Pyrrha opened her eyes to see Sunset leaping from pillar to platform towards her, a bright smile on her face and joyous laughter spilling out of her mouth. "We won!" she yelled, as she flew through the air towards Pyrrha, drawn towards her as if by the bond between them.

Even if it was really gravity dust doing the pulling.

"We won!" Sunset yelled again.

Pyrrha laughed, Sunset's smile infecting her. "Yes," she said. "Yes, we did."

Sunset landed on the platform before her, and no sooner had she landed than she enveloped Pyrrha in a hug.

"We won!" she repeated with a childlike glee. "Congratulations to us!"

Pyrrha put her arms around Sunset. "We won," she agreed. "Congratulations to all of us."

Author's Note:

Rewrite Notes: Well, this chapter went long.

It was clear from when I wrote the plan chapter that I would have to rewrite the fight scene (and to think there was a time when I'd hoped these tournament chapters wouldn't need much alteration) and I did, with the addition of the gravity platform after V7 showed how that works, which was pretty fun to play around with a little bit.

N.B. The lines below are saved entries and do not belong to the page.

lemma schmidt_rank_gen5_comb_gt_3:
  assumes "3 \<le> a" "tsupport L \<subseteq> gen5_index m n" "L \<noteq> 0"
  shows "3 < schmidt_rank m n (gen5_comb a L)"
proof -
  define \<psi> where "\<psi> = gen5_comb a L"
  have "finite (tsupport L)"
    using assms(2) by (rule finite_subset) simp
  moreover have "tsupport L \<subseteq> {2..} \<times> {2..}"
    using assms(2) gen5_index_subset by blast
  ultimately obtain d where below: "\<And>x y. x + y < d \<Longrightarrow> \<psi> x y = 0"
    and card_A: "3 < card {x. x \<le> d \<and> \<psi> x (d - x) \<noteq> 0}"
    using gen5_comb_antidiagonal[OF assms(1) _ _ assms(3)] unfolding \<psi>_def by blast
  obtain u v where uv: "\<And>i j. i < m \<Longrightarrow> j < n \<Longrightarrow> \<psi> i j = (\<Sum>l<schmidt_rank m n \<psi>. u l i * v l j)"
    using schmidt_rank_decomposition by blast
  \<comment> \<open>On the antidiagonal entries, \<open>\<psi>\<close> restricted to rows \<open>x\<close> and columns \<open>d - y\<close> is triangular.\<close>
  have "card {x. x \<le> d \<and> \<psi> x (d - x) \<noteq> 0} \<le> schmidt_rank m n \<psi>"
  proof (rule card_le_rank_if_triangular[where M = "\<lambda>x y. \<psi> x (d - y)" and u = u
        and v = "\<lambda>l y. v l (d - y)"])
    fix x y assume "x \<in> {x. x \<le> d \<and> \<psi> x (d - x) \<noteq> 0}" "y \<in> {x. x \<le> d \<and> \<psi> x (d - x) \<noteq> 0}"
    then have "x < m" "d - y < n"
      using gen5_comb_nonzero_in_box[OF assms(2)] unfolding \<psi>_def by blast+
    then show "\<psi> x (d - y) = (\<Sum>l<schmidt_rank m n \<psi>. u l x * v l (d - y))"
      by (rule uv)
  qed (use below in auto)
  then show ?thesis
    using card_A by (simp add: \<psi>_def)
qed

theorem theorem5p5:
  fixes m n :: nat and a :: real
  assumes "min m n \<ge> 4" and "a = 3 \<or> a > 5"
  shows "(\<forall>\<psi>\<in>S5 m n a. \<psi> \<noteq> 0 \<longrightarrow> \<not> schmidt_rank m n \<psi> \<le> 3)
         \<and> tdim (S5 m n a) = (m - 3) * (n - 3)"
proof
  have "3 \<le> a"
    using assms(2) by auto
  show "\<forall>\<psi>\<in>S5 m n a. \<psi> \<noteq> 0 \<longrightarrow> \<not> schmidt_rank m n \<psi> \<le> 3"
    using schmidt_rank_gen5_comb_gt_3[OF \<open>3 \<le> a\<close>]
    by (fastforce simp: S5_eq_image_gen5_comb[OF \<open>3 \<le> a\<close>])
  show "tdim (S5 m n a) = (m - 3) * (n - 3)"
    by (simp add: dim_S5[OF \<open>3 \<le> a\<close>] gen5_index_def)
qed

end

The rewritten fight scene gives more to certain characters and less to others, while hopefully preserving the sense of a team effort.

Thorn's semblance comes out of rewatching Snow White (his allusions is to the huntsman) and how terrified of him Snow White becomes once he pulls the knife on her, and yes, that's probably because he just pulled a knife, but I liked the idea of a terror semblance that would let him temporarily get the edge on Sunset.